BEIJING — A key figure in one of China’s best-known churches was released on bail this week, six months after she and dozens of other members of the congregation were detained and their church was closed.
The release on Tuesday of Jiang Rong, 46, still leaves her husband, Wang Yi, pastor of Early Rain Covenant Church, and four other church members in detention. According to a church news release posted on the church’s Facebook page, Ms. Jiang was reunited with the couple’s son, Shuya, who had been living without his parents since they were detained on Dec. 9.
News of the release of Ms. Jiang and another church member was confirmed by a human rights lawyer familiar with the case, who asked to remain anonymous for fear of government retribution.
More than 100 members of Early Rain, which is based in the southwestern city of Chengdu, were detained on Dec. 9 as part of a continuing crackdown on churches, mosques and temples not registered with the state. About half of them were quickly released, but 54 were held for a period of days or months.
The releases this week seemed timed to a clause in Chinese law that allows the authorities to detain people for six months without trial. After that, they have to be criminally detained, formally arrested or released on bail.
The status of Mr. Wang and the other church members still being held was unclear. The church said he was being held in “secret detention.” Church members who have been released from detention said the authorities planned to charge him with “inciting to subvert state power,” a charge that can result in up to 10 years’ imprisonment.
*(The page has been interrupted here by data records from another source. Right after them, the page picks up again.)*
definition cd_raise :: "'x cd_monomial \<Rightarrow> 'x \<times> nat \<Rightarrow> 'x cd_monomial" where
  "cd_raise M a = M - {#a#} + {#(fst a, Suc (snd a))#}"

lemma cd_der_mon_eq_sum_raise: "cd_der_mon M = (\<Sum>a\<in>#M. cd_mon (cd_raise M a))"
  by (simp add: cd_der_mon_def cd_raise_def)

lemma cd_raise_eq: "a \<in># M \<Longrightarrow> cd_raise M a = add_mset (fst a, Suc (snd a)) (M - {#a#})"
  by (simp add: cd_raise_def)

lemma cd_raise_add_mset_self: "cd_raise (add_mset a A) a = add_mset (fst a, Suc (snd a)) A"
  by (simp add: cd_raise_def)

section \<open>The image of \<open>\<psi>\<close> is closed under \<open>*\<close> and \<open>\<star>\<close>\<close>

lemma (in module) span_closed_bilinear:
  assumes "\<And>y. module_hom scale scale (\<lambda>x. f x y)" "\<And>x. module_hom scale scale (f x)"
    and "\<And>x y. x \<in> S \<Longrightarrow> y \<in> S \<Longrightarrow> f x y \<in> span S"
    and "x \<in> span S" "y \<in> span S"
  shows "f x y \<in> span S"
proof -
  have left: "f x' y' \<in> span S" if "x' \<in> span S" "y' \<in> S" for x' y'
  proof -
    have "span S \<subseteq> (\<lambda>x. f x y') -` span S"
      using assms(3)[OF _ \<open>y' \<in> S\<close>]
      by (intro span_minimal module_hom.subspace_vimage[OF assms(1)] subspace_span) auto
    with that show ?thesis by auto
  qed
  have "span S \<subseteq> f x -` span S"
    using left[OF \<open>x \<in> span S\<close>]
    by (intro span_minimal module_hom.subspace_vimage[OF assms(2)] subspace_span) auto
  with \<open>y \<in> span S\<close> show ?thesis by auto
qed
theorem lemma2p3:
  fixes u :: "real \<Rightarrow> real" and k :: nat and p \<rho> :: real
  assumes "CARD('n::finite) \<ge> 3"
    and "1 < k" and "2 * k < CARD('n)"
    and "p > real (CARD('n) * k) / real (CARD('n) - 2 * k)"
    and "\<rho> > 0"
    and "regular_solution_1_6 TYPE('n) k p \<rho> u"
    and "((\<lambda>r. u r * r powr (2 * real k / (p - real k))) \<longlongrightarrow> 0) at_top"
  shows "u \<in> O[at_top](\<lambda>r. r powr ((2 * real k - real CARD('n)) / real k))"
proof -
  have "0 < real CARD('n) - 2 * real k" using assms(3) by linarith
  moreover have "real (CARD('n) - 2 * k) = real CARD('n) - 2 * real k" using assms(3) by simp
  ultimately have "real CARD('n) * real k < p * (real CARD('n) - 2 * real k)"
    using assms(4) by (simp add: divide_less_eq mult.commute)
  moreover have "problem_1_6 CARD('n) k p \<rho> u"
    using assms(6) by (simp add: regular_solution_1_6_def)
  ultimately have "supercritical_radial_solution CARD('n) k p
      (real k / real ((CARD('n) - 1) choose (k - 1))) u"
    using assms(2,3,7) by (intro problem_1_6_supercritical_radial_solution)
  then interpret supercritical_radial_solution "CARD('n)" k p
      "real k / real ((CARD('n) - 1) choose (k - 1))" u .
  have "(2 * real k - real CARD('n)) / real k = - beta"
    by (simp add: beta_def minus_divide_left)
  then show ?thesis using u_bigo by simp
qed

end
text \<open>Tr (rho log rho) as a function of the Bloch coordinates (it is real; we take the real part).\<close>
definition trlog :: "real \<Rightarrow> real \<Rightarrow> real \<Rightarrow> real" where
  "trlog x y z = Re (trace (qubit x y z ** mlog (qubit x y z)))"

end

theory Submission
  imports Defs
begin

text \<open>The state \<open>\<rho>\<close> has the eigenvalues \<open>(1 \<plusminus> r)/2\<close>, and on this two-point spectrum \<open>ln\<close>
  coincides with an affine function. Hence \<open>log \<rho>\<close> is affine in \<open>\<rho>\<close>:
  \<open>log \<rho> = \<onehalf> ln ((1 - r\<^sup>2)/4) I + (artanh r / r) (x \<sigma>\<^sub>x + y \<sigma>\<^sub>y + z \<sigma>\<^sub>z)\<close>.
  Consequently \<open>Tr \<rho> log \<rho> = \<onehalf> ln ((1 - r\<^sup>2)/4) + r artanh r\<close> depends on \<open>r\<close> only, its derivative
  in \<open>r\<close> is \<open>artanh r\<close>, so its gradient is \<open>(artanh r / r) (x, y, z)\<close>, and comparing the two
  formulas gives the claim.\<close>

lemma conj_diag_entry:
  fixes U :: "complex^2^2"
  shows "(U ** cdiag d ** cadj U) $ i $ j = (\<Sum>k\<in>UNIV. U$i$k * of_real (d k) * cnj (U$j$k))"
  by (simp add: matrix_matrix_mult_def cadj_def cdiag_def if_distrib sum_distrib_right cong: if_cong)

lemma unitary2_rows_orthonormal:
  assumes "unitary2 U"
  shows "(\<Sum>k\<in>UNIV. U$i$k * cnj (U$j$k)) = (if i = j then 1 else 0)"
proof -
  have "(U ** cadj U) $ i $ j = (if i = j then 1 else 0)"
    using assms by (simp add: unitary2_def mat_def)
  then show ?thesis by (simp add: matrix_matrix_mult_def cadj_def)
qed

lemma conj_diag_affine:
  fixes U :: "complex^2^2"
  assumes "unitary2 U"
  shows "U ** cdiag (\<lambda>k. a + b * d k) ** cadj U = mat (of_real a) + b *\<^sub>R (U ** cdiag d ** cadj U)"
proof -
  have "(U ** cdiag (\<lambda>k. a + b * d k) ** cadj U) $ i $ j
        = of_real a * (\<Sum>k\<in>UNIV. U$i$k * cnj (U$j$k)) + of_real b * (U ** cdiag d ** cadj U) $ i $ j"
    for i j
    by (simp add: conj_diag_entry sum.distrib sum_distrib_left algebra_simps)
  then show ?thesis
    by (simp add: vec_eq_iff unitary2_rows_orthonormal[OF assms] mat_def of_real_def)
qed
Church members who had been detained also said the authorities were pursuing similar charges against Ms. Jiang, reflecting her senior role in the church. She led prayer and women’s groups, and hosted Bible study groupsat their home.
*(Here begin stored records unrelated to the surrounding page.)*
lemma uryson_inf_zero_fragment_mixes_bound:
  assumes "uryson_inf_zero S T" and "\<forall>y\<in>fragments x. c \<le> T y + S (x - y)"
  shows "c \<le> 0"
proof -
  have "uryson_le (fragment_envelope S T) S" "uryson_le (fragment_envelope S T) T"
    unfolding uryson_le_def using fragment_envelope_le by auto
  then have "uryson_le (fragment_envelope S T) (\<lambda>_. 0)"
    using assms(1) fragment_envelope_in_uryson unfolding uryson_inf_zero_def by blast
  then have "fragment_envelope S T x \<le> 0"
    unfolding uryson_le_def by (simp add: le_minus_iff)
  moreover have "c \<le> fragment_envelope S T x"
    using is_glb_fragment_envelope[of x] assms(2) unfolding is_glb_def fragment_mixes_def by blast
  ultimately show ?thesis
    by (rule order_trans[rotated])
qed

end

section \<open>Exhaustion\<close>

lemma exists_maximal_pairwise_disj_subset:
  fixes G :: "'a::{ordered_real_vector,lattice} set"
  shows "\<exists>M \<subseteq> G. pairwise disj M \<and> (\<forall>v\<in>G. (\<forall>m\<in>M. disj v m) \<longrightarrow> v \<in> M)"
proof -
  define MM where "MM = {M. M \<subseteq> G \<and> pairwise disj M}"
  have "\<Union>C \<in> MM" if "C \<in> chains MM" for C
  proof -
    have "C \<subseteq> MM" and chain: "\<And>A B. A \<in> C \<Longrightarrow> B \<in> C \<Longrightarrow> A \<subseteq> B \<or> B \<subseteq> A"
      using that unfolding chains_def chain_subset_def by auto
    show ?thesis
      unfolding MM_def
    proof (intro CollectI conjI pairwiseI)
      show "\<Union>C \<subseteq> G"
        using \<open>C \<subseteq> MM\<close> unfolding MM_def by blast
      fix v1 v2
      assume "v1 \<in> \<Union>C" "v2 \<in> \<Union>C" "v1 \<noteq> v2"
      then obtain A B where "A \<in> C" "B \<in> C" "v1 \<in> A" "v2 \<in> B"
        by blast
      then have "{v1, v2} \<subseteq> A \<or> {v1, v2} \<subseteq> B"
        using chain by blast
      then show "disj v1 v2"
        using \<open>A \<in> C\<close> \<open>B \<in> C\<close> \<open>C \<subseteq> MM\<close> \<open>v1 \<noteq> v2\<close> unfolding MM_def pairwise_def by blast
    qed
  qed
  then obtain M where "M \<in> MM" and maximal: "\<And>X. X \<in> MM \<Longrightarrow> M \<subseteq> X \<Longrightarrow> X = M"
    using Zorn_Lemma[of MM] by blast
  have "v \<in> M" if "v \<in> G" "\<forall>m\<in>M. disj v m" for v
  proof -
    have "insert v M \<in> MM"
      using \<open>M \<in> MM\<close> that unfolding MM_def by (auto simp: pairwise_insert disj_sym)
    then show ?thesis
      using maximal by blast
  qed
  then show ?thesis
    using \<open>M \<in> MM\<close> unfolding MM_def by blast
qed

lemma exists_partition_of_unity_below:
  fixes g :: "'i \<Rightarrow> 'b::{ordered_real_vector,lattice}"
  assumes dc: "dedekind_complete TYPE('b)" and u: "weak_order_unit u" and "\<epsilon> > 0"
    and g_nonneg: "\<And>y. y \<in> Y \<Longrightarrow> 0 \<le> g y"
    and g_inf: "\<And>c. \<forall>y\<in>Y. c \<le> g y \<Longrightarrow> c \<le> 0"
  shows "\<exists>(D :: ('b \<Rightarrow> 'b) set) (\<pi> :: ('b \<Rightarrow> 'b) \<Rightarrow> ('b \<Rightarrow> 'b)) (xs :: ('b \<Rightarrow> 'b) \<Rightarrow> 'i).
           partition_of_unity D \<pi> \<and> (\<forall>a\<in>D. xs a \<in> Y) \<and> (\<forall>a\<in>D. \<pi> a (g (xs a)) \<le> \<epsilon> *\<^sub>R u)"
proof -
  have "0 \<le> u"
    using u by (simp add: weak_order_unit_def)
  then have "0 \<le> \<epsilon> *\<^sub>R u"
    using \<open>\<epsilon> > 0\<close> by (simp add: scaleR_nonneg_nonneg)
  define excess where "excess y = pos_part (g y - \<epsilon> *\<^sub>R u)" for y
  obtain M where M: "M \<subseteq> {v. \<exists>y\<in>Y. disj v (excess y)}" "pairwise disj M"
    and maximal: "\<And>v. \<exists>y\<in>Y. disj v (excess y) \<Longrightarrow> \<forall>m\<in>M. disj v m \<Longrightarrow> v \<in> M"
    using exists_maximal_pairwise_disj_subset[of "{v. \<exists>y\<in>Y. disj v (excess y)}"] by auto
  have complete: "r = 0" if r: "\<forall>v\<in>M. disj r v" for r
  proof -
    have in_band: "labs r \<in> principal_band (excess y)" if "y \<in> Y" for y
    proof (rule mem_principal_band_of_no_disj_part[OF dc labs_ge_zero])
      fix v
      assume "0 \<le> v" "v \<le> labs r" "disj v (excess y)"
      then have "\<forall>m\<in>M. disj v m"
        using r disj_mono[of v r] by simp
      then have "v \<in> M"
        using maximal \<open>y \<in> Y\<close> \<open>disj v (excess y)\<close> by blast
      then show "v = 0"
        using \<open>\<forall>m\<in>M. disj v m\<close> disj_self_imp_zero by blast
    qed
    have "\<epsilon> *\<^sub>R band_proj (labs r) u \<le> g y" if "y \<in> Y" for y
    proof -
      have "\<epsilon> *\<^sub>R band_proj (labs r) u = band_proj (labs r) (\<epsilon> *\<^sub>R u)"
        by (simp add: band_proj_scaleR[OF dc])
      also have "\<dots> \<le> band_proj (labs r) (g y)"
        using in_band[OF that] unfolding excess_def by (rule band_proj_le_of_mem_principal_band_pos_part[OF dc])
      also have "\<dots> \<le> g y"
        using band_proj_nonneg_le(2)[OF dc g_nonneg[OF that]] .
      finally show ?thesis .
    qed
    then have "\<epsilon> *\<^sub>R band_proj (labs r) u \<le> 0"
      using g_inf by blast
    then have "band_proj (labs r) u \<le> 0"
      using \<open>\<epsilon> > 0\<close> by (simp add: scaleR_le_0_iff)
    then have "band_proj (labs r) u = 0"
      using band_proj_nonneg_le(1)[OF dc \<open>0 \<le> u\<close>] by (rule antisym)
    then show "r = 0"
      using band_proj_weak_order_unit_eq_0_iff[OF dc u] by simp
  qed
  have "\<exists>y\<in>Y. a (g y) \<le> \<epsilon> *\<^sub>R u" if "a \<in> band_proj ` M" for a
  proof -
    obtain v y where "a = band_proj v" "y \<in> Y" "disj v (excess y)"
      using M(1) \<open>a \<in> band_proj ` M\<close> by blast
    then have "a (g y) \<le> band_proj v (\<epsilon> *\<^sub>R u)"
      unfolding excess_def by (simp add: band_proj_le_of_disj_pos_part[OF dc])
    also have "\<dots> \<le> \<epsilon> *\<^sub>R u"
      using band_proj_nonneg_le(2)[OF dc \<open>0 \<le> \<epsilon> *\<^sub>R u\<close>] .
    finally show ?thesis
      using \<open>y \<in> Y\<close> by blast
  qed
  then obtain xs where "\<forall>a\<in>band_proj ` M. xs a \<in> Y \<and> a (g (xs a)) \<le> \<epsilon> *\<^sub>R u"
    by metis
  moreover have "partition_of_unity (band_proj ` M) id"
    using partition_of_unity_band_proj[OF dc M(2)] complete by blast
  ultimately show ?thesis
    unfolding id_apply by blast
qed

theorem theorem3p2:
  fixes S T :: "'a::{ordered_real_vector,lattice} \<Rightarrow> 'b::{ordered_real_vector,lattice}"
  assumes "dedekind_complete TYPE('b)"
    and "S \<in> uryson_pos" and "T \<in> uryson_pos"
    and "uryson_inf_zero S T"
    and "weak_order_unit u"
    and "(\<epsilon>::real) > 0"
  shows "\<exists>(D :: ('b \<Rightarrow> 'b) set) (\<pi> :: ('b \<Rightarrow> 'b) \<Rightarrow> ('b \<Rightarrow> 'b)) (xs :: ('b \<Rightarrow> 'b) \<Rightarrow> 'a).
           partition_of_unity D \<pi> \<and> (\<forall>a\<in>D. xs a \<in> fragments x) \<and>
           (\<forall>a\<in>D. \<pi> a (T (xs a) + S (x - xs a)) \<le> \<epsilon> *\<^sub>R u)"
proof (rule exists_partition_of_unity_below[OF assms(1,5,6)])
  fix y
  show "0 \<le> T y + S (x - y)"
    using uryson_pos_nonneg[OF assms(2)] uryson_pos_nonneg[OF assms(3)] by (simp add: add_nonneg_nonneg)
next
  fix c
  assume "\<forall>y\<in>fragments x. c \<le> T y + S (x - y)"
  then show "c \<le> 0"
    by (rule uryson_inf_zero_fragment_mixes_bound[OF assms(1-4)])
qed

end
Mr. Wang is one of China’s most prominent pastors. A well-known rights lawyer and essayist, he met President George W. Bush at the White House in 2006, just months after converting to Christianity.
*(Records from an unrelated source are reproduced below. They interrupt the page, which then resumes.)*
text \<open>Any two points of a translate of a rule X \<union> {0} are within distance kappa;
  this is the only place where the definition of kappa enters.\<close>
lemma rule_points_close:
  assumes uf: "update_family U" and X: "X \<in> U"
    and u: "u \<in> insert (0,0) X" and v: "v \<in> insert (0,0) X"
  shows "edist (padd x u) (padd x v) \<le> kappa U"
proof -
  let ?D = "{edist x y | x y X. X \<in> U \<and> x \<in> insert (0,0) X \<and> y \<in> insert (0,0) X}"
  have "finite (\<Union>X\<in>U. insert (0,0) X \<times> insert (0,0) X)"
    using uf unfolding update_family_def by auto
  moreover have "?D \<subseteq> (\<lambda>p. edist (fst p) (snd p)) ` (\<Union>X\<in>U. insert (0,0) X \<times> insert (0,0) X)"
    by force
  ultimately have "finite ?D" by (rule finite_surj)
  moreover have "edist u v \<in> ?D" using X u v by blast
  ultimately have le_nu: "edist u v \<le> nu U" unfolding nu_def by (rule Max_ge)
  moreover have "0 \<le> edist u v" unfolding edist_def by simp
  ultimately show ?thesis unfolding kappa_def edist_padd by linarith
qed
lemma extends_along_cube_of_kan_Ex:
  assumes kan: "kan_complex (Ex C)" and k: "k \<le> n" "1 \<le> n"
  shows "extends_along (face_nerve (\<subseteq>) (Pow (cube_vertices n k - {{0..n}})))
    (face_nerve (\<subseteq>) (Pow (cube_vertices n k))) C"
  unfolding extends_along_def
proof (intro allI impI)
  fix g assume g: "smap (face_nerve (\<subseteq>) (Pow (cube_vertices n k - {{0..n}}))) C g"
  then obtain G where G: "smap (\<Delta> n) (Ex C) G"
    and G_h: "\<And>m \<sigma>. \<sigma> \<in> cells (horn n k) m \<Longrightarrow>
      G m \<sigma> = ex_cell m (\<lambda>l \<tau>. g l (restrict ((\<lambda>S. insert k (\<sigma> ` S)) \<circ> \<tau>) {0..l}))"
    using kan k smap_horn_Ex_of_cube[OF g k(1)] unfolding kan_complex_def extends_along_def by blast
  have "G n (top_simplex n) \<in> cells (Ex C) n" using G top_simplex_cell unfolding smap_def by blast
  then have "smap (sd n) C (G n (top_simplex n))" unfolding Ex_cells_iff by blast
  then have "smap (face_nerve (\<subseteq>) (Pow (cube_vertices n k))) C (G n (top_simplex n))"
    unfolding sd_eq_face_nerve
    by (rule smap_face_nerve_restrict) (auto simp: face_nerve_cells cube_vertices_def)
  then show "\<exists>G. smap (face_nerve (\<subseteq>) (Pow (cube_vertices n k))) C G \<and>
      (\<forall>m x. x \<in> cells (face_nerve (\<subseteq>) (Pow (cube_vertices n k - {{0..n}}))) m \<longrightarrow> G m x = g m x)"
    using filler_top_simplex_eq_cube[OF G k(1) G_h] by blast
qed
While most Chinese pastors, even those in the unregistered or “underground” church, are fairly apolitical, Mr. Wang took high-profile positions on issues like forced abortions, and he openly prayed for victims of the massacre that crushed the Tiananmen Square democracy movement on June 4, 1989.
Over the past year and a half he had taken even stronger positions. Last year, he spoke out against President Xi Jinping’s abolition of term limits for the presidency and increasingly spoke about the likelihood of his own arrest.
The vast majority of China’s independent churches have been untouched by the recent crackdown. Observers have seen the move against Early Rain, as well as two other high-profile churches, as a signal to churches to avoid politics.